Vier JRK-Mitglieder aus dem Landkreis Ebersberg nahmen bei der Fiaccolata in Italien teil. Bereits um 4 Uhr morgens trafen sie sich mit weiteren Teilnehmenden aus den JRK-Landesverbände Bayern, Hessen, Baden-Württemberg und Berlin in München und machten sich gemeinsam mit dem Bus auf den Weg nach Italien – zuerst zum Gardasee und dann nach Solferino, dem Ort, an dem die Idee des Roten Kreuzes geboren wurde.
Ein Besuch des Rotkreuz-Museums in Castiglione delle Stiviere durfte natürlich nicht fehlen. Dort erfuhren sie, wie nach der Schlacht von Solferino im Jahr 1859 die Idee des Roten Kreuzes entstand.

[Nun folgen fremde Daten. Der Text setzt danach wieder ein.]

(* Let $2\le k\le d+1$ and let $\mathcal{Q}=\{Q_1,\dots,Q_k\}$ be a collection of cubes in $\mathbb{R}^d$ that is transversal. Then each $Q_l$ can be partitioned into finitely many (a number bounded independently of anything but the collection) sub-cubes $Q_l=\bigcup_i Q_{l,i}$ such that every collection $\widetilde{\mathcal{Q}}=\{\widetilde Q_1,\dots,\widetilde Q_k\}$ with $\widetilde Q_l\in\{Q_{l,i}\}_i$ for each $l$ is weakly transversal.
   Context: "Cube" means any rectangular box in $\mathbb{R}^d$ (sides need not be equal). A collection of cubes $Q_1,\dots,Q_k$ is transversal if the caps $S_j=\{(\xi,|\xi|^2):\xi\in Q_j\}$ of the paraboloid are transversal: there is $c>0$ with $|v_1\wedge\dots\wedge v_k|\ge c$ for all choices of unit normal vectors $v_j$ to $S_j$. Let $\pi_l$ denote the projection onto the $l$-th coordinate axis $e_l$. A collection $\{Q_1,\dots,Q_k\}$ is weakly transversal with pivot $Q_j$ if there are $k-1$ distinct indices $i_1,\dots,i_{k-1}$ and an enumeration $l_1,\dots,l_{k-1}$ of $\{1,\dots,k\}\setminus\{j\}$ such that $\overline{\pi_{i_s}(Q_j)}\cap\overline{\pi_{i_s}(Q_{l_s})}=\emptyset$ for $s=1,\dots,k-1$. The collection is weakly transversal if it is weakly transversal with pivot $Q_j$ for every $1\le j\le k$. *)

theory Defs
  imports "HOL-Analysis.Analysis"
begin

text \<open>A "cube": a nondegenerate closed rectangular box in R^d (sides need not be equal).\<close>
definition is_cube :: "(real^'d) set \<Rightarrow> bool" where
  "is_cube Q \<longleftrightarrow> (\<exists>a b. (\<forall>i. a$i < b$i) \<and> Q = cbox a b)"

definition cube_partition :: "(real^'d) set set \<Rightarrow> (real^'d) set \<Rightarrow> bool" where
  "cube_partition P Q \<longleftrightarrow> finite P \<and> (\<forall>R\<in>P. is_cube R) \<and> \<Union>P = Q \<and>
     (\<forall>R1\<in>P. \<forall>R2\<in>P. R1 \<noteq> R2 \<longrightarrow> interior R1 \<inter> interior R2 = {})"

text \<open>R^{d+1} is modelled as real^'d \<times> real. The paraboloid point over xi is (xi, |xi|^2);
  its tangent space is {(h, 2 xi.h)}. A unit normal is a unit vector orthogonal to it.\<close>
definition unit_normal_paraboloid :: "(real^'d) \<Rightarrow> ((real^'d) \<times> real) \<Rightarrow> bool" where
  "unit_normal_paraboloid xi v \<longleftrightarrow> norm v = 1 \<and> (\<forall>h. v \<bullet> (h, 2 * (xi \<bullet> h)) = 0)"

definition wedge_norm :: "('k::finite \<Rightarrow> 'v::real_inner) \<Rightarrow> real" where
  "wedge_norm v = sqrt (det (\<chi> i j. v i \<bullet> v j))"

definition transversal :: "('k::finite \<Rightarrow> (real^'d) set) \<Rightarrow> bool" where
  "transversal Q \<longleftrightarrow> (\<exists>c>0. \<forall>xi v. (\<forall>j. xi j \<in> Q j \<and> unit_normal_paraboloid (xi j) (v j))
      \<longrightarrow> wedge_norm v \<ge> c)"

definition coord_proj :: "'d \<Rightarrow> (real^'d) set \<Rightarrow> real set" where
  "coord_proj i Q = (\<lambda>x. x $ i) ` Q"

definition weakly_transversal_pivot :: "('k::finite \<Rightarrow> (real^'d) set) \<Rightarrow> 'k \<Rightarrow> bool" where
  "weakly_transversal_pivot Q j \<longleftrightarrow> (\<exists>\<sigma>::'k \<Rightarrow> 'd. inj_on \<sigma> (UNIV - {j}) \<and>
     (\<forall>l. l \<noteq> j \<longrightarrow> closure (coord_proj (\<sigma> l) (Q j)) \<inter> closure (coord_proj (\<sigma> l) (Q l)) = {}))"

definition weakly_transversal :: "('k::finite \<Rightarrow> (real^'d) set) \<Rightarrow> bool" where
  "weakly_transversal Q \<longleftrightarrow> (\<forall>j. weakly_transversal_pivot Q j)"

end

theory Submission
  imports Defs
begin

text \<open>Fix points \<open>\<xi>\<^sub>l \<in> Q\<^sub>l\<close>. The unit normals to the paraboloid at them are multiples of
  \<open>(-2\<xi>\<^sub>l, 1)\<close>, so transversality (a nonzero Gram determinant) makes these lifts linearly
  independent; equivalently, for every pivot \<open>j\<close> the differences \<open>\<xi>\<^sub>l - \<xi>\<^sub>j\<close> (\<open>l \<noteq> j\<close>) are
  linearly independent. An independent family has a nonzero entry in each vector along an injective
  choice of coordinates \<open>\<sigma>\<close> (a nonzero term of a maximal minor), so \<open>\<xi>\<^sub>l\<close> and \<open>\<xi>\<^sub>j\<close> differ in
  coordinate \<open>\<sigma>(l)\<close>. This separation is an open condition, so by compactness of the product of
  the cubes it holds with a uniform margin \<open>\<delta> > 0\<close>. Cutting every cube into boxes of diameter
  \<open>< \<delta>/2\<close> then works: pick a point in each selected box; these points are \<open>\<delta>\<close>-separated in
  the coordinates \<open>\<sigma>(l)\<close>, and each box projects into the \<open>\<delta>/2\<close>-neighbourhood of its point.\<close>

text \<open>Linear independence of an indexed family: unlike \<^term>\<open>independent (w ` S)\<close>,
  a family with a repeated vector is dependent.\<close>

definition independent_family :: "'a set \<Rightarrow> ('a \<Rightarrow> 'v::real_vector) \<Rightarrow> bool" where
  "independent_family S w \<longleftrightarrow> (\<forall>c. (\<Sum>l\<in>S. c l *\<^sub>R w l) = 0 \<longrightarrow> (\<forall>l\<in>S. c l = 0))"

lemma independent_family_subset:
  assumes "independent_family T w" "S \<subseteq> T" "finite T"
  shows "independent_family S w"
  unfolding independent_family_def
proof (intro allI impI ballI)
  fix c l assume c: "(\<Sum>l\<in>S. c l *\<^sub>R w l) = 0" and "l \<in> S"
  have "(\<Sum>l\<in>T. (if l \<in> S then c l else 0) *\<^sub>R w l) = (\<Sum>l\<in>T \<inter> S. c l *\<^sub>R w l)"
    using assms(3) by (simp add: if_smult sum.inter_restrict cong: if_cong)
  also have "\<dots> = 0"
    using assms(2) c by (simp add: Int_absorb1)
  finally show "c l = 0"
    using assms(1) \<open>l \<in> S\<close> assms(2) unfolding independent_family_def by fastforce
qed

lemma independent_family_scaleR:
  assumes "independent_family S (\<lambda>l. t l *\<^sub>R w l)" "\<forall>l\<in>S. t l \<noteq> 0"
  shows "independent_family S w"
  unfolding independent_family_def
proof (intro allI impI ballI)
  fix c l assume c: "(\<Sum>l\<in>S. c l *\<^sub>R w l) = 0" and "l \<in> S"
  have "(\<Sum>l\<in>S. (c l / t l) *\<^sub>R (t l *\<^sub>R w l)) = (\<Sum>l\<in>S. c l *\<^sub>R w l)"
    using assms(2) by (intro sum.cong) auto
  with c have "(\<Sum>l\<in>S. (c l / t l) *\<^sub>R (t l *\<^sub>R w l)) = 0"
    by simp
  from assms(1)[unfolded independent_family_def, rule_format, OF this \<open>l \<in> S\<close>]
  have "c l / t l = 0" .
  then show "c l = 0"
    using assms(2) \<open>l \<in> S\<close> by simp
qed

lemma independent_family_not_combination:
  assumes "independent_family (insert a S) w" "a \<notin> S" "finite S"
  shows "w a \<noteq> (\<Sum>l\<in>S. d l *\<^sub>R w l)"
proof
  assume wa: "w a = (\<Sum>l\<in>S. d l *\<^sub>R w l)"
  have "(\<Sum>l\<in>S. (d(a := -1)) l *\<^sub>R w l) = (\<Sum>l\<in>S. d l *\<^sub>R w l)"
    using assms(2) by (intro sum.cong) auto
  then have "(\<Sum>l\<in>insert a S. (d(a := -1)) l *\<^sub>R w l) = 0"
    using assms(2,3) wa by simp
  then have "(d(a := -1)) a = 0"
    using assms(1) unfolding independent_family_def by blast
  then show False
    by simp
qed

lemma axis_combination_if_zeroed_dependent:
  fixes w :: "'k \<Rightarrow> real^'d"
  assumes "independent_family S w"
    and "\<not> independent_family S (\<lambda>l. w l - (w l $ i) *\<^sub>R axis i 1)"
  shows "\<exists>d. axis i 1 = (\<Sum>l\<in>S. d l *\<^sub>R w l)"
proof -
  obtain c l0 where c: "(\<Sum>l\<in>S. c l *\<^sub>R (w l - (w l $ i) *\<^sub>R axis i 1)) = 0" and "l0 \<in> S" "c l0 \<noteq> 0"
    using assms(2) unfolding independent_family_def by blast
  define s where "s = (\<Sum>l\<in>S. c l * w l $ i)"
  have comb: "(\<Sum>l\<in>S. c l *\<^sub>R w l) = s *\<^sub>R axis i 1"
    using c by (simp add: s_def scaleR_diff_right sum_subtractf scaleR_sum_left)
  have "s \<noteq> 0"
    using assms(1) comb \<open>l0 \<in> S\<close> \<open>c l0 \<noteq> 0\<close> unfolding independent_family_def by auto
  have "(\<Sum>l\<in>S. (c l / s) *\<^sub>R w l) = (1 / s) *\<^sub>R (\<Sum>l\<in>S. c l *\<^sub>R w l)"
    by (simp add: scaleR_sum_right)
  then have "axis i 1 = (\<Sum>l\<in>S. (c l / s) *\<^sub>R w l)"
    using comb \<open>s \<noteq> 0\<close> by simp
  then show ?thesis
    by (intro exI[of _ "\<lambda>l. c l / s"])
qed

Henry Dunant, ein Schweizer Geschäftsmann, war von den vielen verletzten Soldaten tief erschüttert und setzte sich dafür ein, dass Verwundeten, unabhängig von ihrer Herkunft geholfen wird. Aus dieser Idee entwickelte sich die Internationale Rotkreuz- und Rothalbmondbewegung.

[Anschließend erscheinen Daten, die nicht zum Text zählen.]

lemma Top_coeff_chain_coeff:
  assumes "1 \<le> j" "j < n" "inj_on y {1..n}" "k \<in> {1..n}"
  shows "Top_coeff t j (chain_coeff n t (Suc j)) k y = chain_coeff n t j k y"
proof -
  have y_ne: "y a \<noteq> y b" if "a \<in> {1..n}" "b \<in> {1..n}" "a \<noteq> b" for a b
    using assms(3) that by (auto dest: inj_onD)
  have y_j: "y j \<noteq> y (Suc j)"
    using assms(1,2) by (intro y_ne) auto
  consider "k < j" | "k = j" | "k = Suc j" | "Suc j < k"
    by linarith
  then show ?thesis
  proof cases
    case 1
    then show ?thesis
      by (simp add: Top_coeff_def chain_coeff_def)
  next
    case 2
    then show ?thesis
      using Acoef_swap_coords[of j "Suc (Suc j)" n t j y] assms(2)
      by (simp add: Top_coeff_def chain_coeff_def Acoef_insert)
  next
    case 3
    then show ?thesis
      using Acoef_swap_coords[of j "Suc (Suc j)" n t k y] y_j assms(2)
      by (simp add: Top_coeff_def chain_coeff_def Acoef_self field_simps)
  next
    case 4
    define Z where "Z = Acoef n t k (Suc (Suc j)) y"
    have k_ne: "y k \<noteq> y j" "y k \<noteq> y (Suc j)"
      using assms(1,4) 4 by (intro y_ne; simp)+
    have "Top_coeff t j (chain_coeff n t (Suc j)) k y
      = t * ((t - 1) * y k / (y k - y (Suc j)) * Z) + (t * y j - y (Suc j)) / (y j - y (Suc j))
          * ((t - 1) * y k / (y k - y j) * Z - (t - 1) * y k / (y k - y (Suc j)) * Z)"
      using 4 assms(4) Acoef_swap_coords[of j "Suc (Suc j)" n t k y]
      by (simp add: Top_coeff_def chain_coeff_def Z_def)
    also have "\<dots> = (t - 1) * y k / (y k - y j) * ((t * y k - y (Suc j)) / (y k - y (Suc j)) * Z)"
      using y_j k_ne by (simp add: divide_simps) (simp add: algebra_simps)
    also have "\<dots> = chain_coeff n t j k y"
      using 4 assms(4) by (simp add: chain_coeff_def Z_def Acoef_insert)
    finally show ?thesis .
  qed
qed

lemma Tchain_tau_comb:
  assumes "symmetric_fn n f" "1 \<le> j" "j \<le> n"
  shows "agree_off_diag n (Tchain n q t f j) (tau_comb n q f (chain_coeff n t j))"
  using assms(3,2)
proof (induction j rule: inc_induct)
  case base
  have "chain_coeff n t n k y * tauop q k f y = (if k = n then tauop q k f y else 0)" for k y
    by (simp add: chain_coeff_def Acoef_def)
  then have "tau_comb n q f (chain_coeff n t n) y = tauop q n f y" for y
    using base by (simp add: tau_comb_def sum.delta)
  then show ?case
    by (simp add: agree_off_diag_def)
next
  case (step j)
  have "agree_off_diag n (Tchain n q t f j) (Top t j (tau_comb n q f (chain_coeff n t (Suc j))))"
    using step by (simp add: Tchain_step Top_agree_off_diag)
  also have "Top t j (tau_comb n q f (chain_coeff n t (Suc j)))
      = tau_comb n q f (Top_coeff t j (chain_coeff n t (Suc j)))"
    using step by (simp add: Top_tau_comb assms(1))
  also have "agree_off_diag n \<dots> (tau_comb n q f (chain_coeff n t j))"
    unfolding agree_off_diag_def tau_comb_def
    using step.hyps step.prems by (auto intro!: sum.cong simp: Top_coeff_chain_coeff)
  finally show ?case .
qed

definition Dop_coeff :: "nat \<Rightarrow> 'a::field \<Rightarrow> nat \<Rightarrow> nat \<Rightarrow> (nat \<Rightarrow> 'a) \<Rightarrow> 'a" where
  "Dop_coeff n t i k y =
    (if k = i then Acoef n t i (Suc i) y
     else if i < k \<and> k \<le> n then (t - 1) * y i / (y k - y i) * Acoef n t k (Suc i) y
     else 0)"

lemma sum_chain_coeff:
  assumes "1 \<le> a" "a \<le> k" "k \<le> n" "inj_on y {1..n}"
  shows "(\<Sum>j = a..n. chain_coeff n t j k y) = Acoef n t k a y"
  using assms(2,1)
proof (induction a rule: inc_induct)
  case base
  have "(\<Sum>j = Suc k..n. chain_coeff n t j k y) = 0"
    by (intro sum.neutral) (auto simp: chain_coeff_def)
  then show ?case
    using assms(3) by (simp add: sum.atLeast_Suc_atMost chain_coeff_def Acoef_self)
next
  case (step a)
  have "y k \<noteq> y a"
    using assms(3,4) step by (auto dest: inj_onD)
  then have "chain_coeff n t a k y + Acoef n t k (Suc a) y
      = (t * y k - y a) / (y k - y a) * Acoef n t k (Suc a) y"
    using step assms(3) by (simp add: chain_coeff_def field_simps)
  then show ?case
    using step assms(3) by (simp add: sum.atLeast_Suc_atMost Acoef_insert)
qed

lemma chain_coeff_Dop_coeff:
  assumes "1 \<le> i" "inj_on y {1..n}" "k \<in> {1..n}"
  shows "chain_coeff n t i k y + (1 - t) * (\<Sum>j = Suc i..n. chain_coeff n t j k y) = Dop_coeff n t i k y"
proof (cases "i < k")
  case True
  have "y k \<noteq> y i"
    using assms True by (auto dest: inj_onD)
  moreover have "(\<Sum>j = Suc i..n. chain_coeff n t j k y) = Acoef n t k (Suc i) y"
    using assms True by (intro sum_chain_coeff) auto
  ultimately show ?thesis
    using True assms(3) by (simp add: chain_coeff_def Dop_coeff_def field_simps)
next
  case False
  then have "(\<Sum>j = Suc i..n. chain_coeff n t j k y) = 0"
    by (intro sum.neutral) (auto simp: chain_coeff_def)
  then show ?thesis
    using False by (simp add: chain_coeff_def Dop_coeff_def)
qed

lemma Tchain_Dop_coeff:
  assumes "symmetric_fn n f" "1 \<le> i" "i \<le> n" "inj_on y {1..n}"
  shows "Tchain n q t f i y + (1 - t) * (\<Sum>j = Suc i..n. Tchain n q t f j y)
       = (\<Sum>k\<in>{1..n}. Dop_coeff n t i k y * tauop q k f y)"
proof -
  have Tchain_eq: "Tchain n q t f j y = (\<Sum>k\<in>{1..n}. chain_coeff n t j k y * tauop q k f y)"
    if "j \<in> {i..n}" for j
    using Tchain_tau_comb[OF assms(1), of j q t] that assms(2,4)
    by (simp add: agree_off_diag_def tau_comb_def)
  have "Tchain n q t f i y + (1 - t) * (\<Sum>j = Suc i..n. Tchain n q t f j y)
      = (\<Sum>k\<in>{1..n}. (chain_coeff n t i k y
           + (1 - t) * (\<Sum>j = Suc i..n. chain_coeff n t j k y)) * tauop q k f y)"
    using assms(3)
    by (simp add: Tchain_eq sum.swap[of _ "{Suc i..n}"] sum_distrib_left sum_distrib_right
        sum.distrib algebra_simps)
  also have "\<dots> = (\<Sum>k\<in>{1..n}. Dop_coeff n t i k y * tauop q k f y)"
    using assms(2,4) by (intro sum.cong) (simp_all add: chain_coeff_Dop_coeff)
  finally show ?thesis .
qed

lemma sum_Dop_coeff:
  assumes "1 \<le> i" "i \<le> n" "inj_on y {1..n}"
  shows "(\<Sum>k\<in>{1..n}. Dop_coeff n t i k y) = 1"
proof -
  have Tchain_one: "Tchain n 1 t (\<lambda>_. 1) j = (\<lambda>_. t ^ (n - j))" for j
    using compose_Top_const[of t "[j..<n]" 1] by (simp add: Tchain_def tauop_def)
  have "(\<Sum>j = Suc i..n. t ^ (n - j)) = (\<Sum>k<n - i. t ^ k)"
    by (rule sum.reindex_bij_witness[where i = "\<lambda>k. n - k" and j = "\<lambda>j. n - j"]) auto
  then have "t ^ (n - i) + (1 - t) * (\<Sum>j = Suc i..n. t ^ (n - j)) = 1"
    by (simp flip: one_diff_power_eq)
  moreover have "symmetric_fn n (\<lambda>_. 1 :: 'a)"
    by (simp add: symmetric_fn_def)
  ultimately show ?thesis
    using Tchain_Dop_coeff[of n "\<lambda>_. 1" i y 1 t] assms by (simp add: Tchain_one tauop_def)
qed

Am Samstag besuchten sie das internationale Rotkreuz-Camp. Dort trafen sich Rotkreuzlerinnen und Rotkreuzler aus der ganzen Welt. Beim gemeinsamen Mittagessen konnten sich die Teilnehmenden aus vielen verschiedenen Ländern austauschen und neue Kontakte knüpfen. Außerdem trafen sie dort viele bekannte Gesichter aus Bayern, unter anderem aus den BRK-Kreisverbänden Regensburg, Dachau und Erding. Es war schön, sich mit anderen Ehrenamtlichen auszutauschen und gemeinsam Teil dieser besonderen Veranstaltung zu sein.
Der Höhepunkt des Wochenendes war die Fiaccolata – ein Fackelwanderung. Jedes Jahr kommen Tausende Rotkreuzlerinnen und Rotkreuzler aus aller Welt zu diesem Ereignis nach Solferino. Ab 16:00 Uhr begann auf der Piazza Castello das offizielle Programm mit Musik, Ansprachen und Ehrungen. Für die Teilnahme erhielten alle ein eigenes Fiaccolata-T-Shirt.
Um 19:30 Uhr startete schließlich die rund acht Kilometer lange Fackelwanderung von Solferino nach Castiglione delle Stiviere. Gemeinsam trugen sie ihre Fackeln durch die Nacht und erinnerten damit an den Ursprung der Rotkreuzbewegung. Entlang der Strecke standen viele Menschen, winkten den Teilnehmenden zu und sorgten für eine ganz besondere Stimmung. Das Italienische Rote Kreuz versorgte alle Ehrenamtlichen den gesamten Tag mit kaltem Wasser, was bei den sommerlichen Temperaturen eine willkommene Erfrischung bot.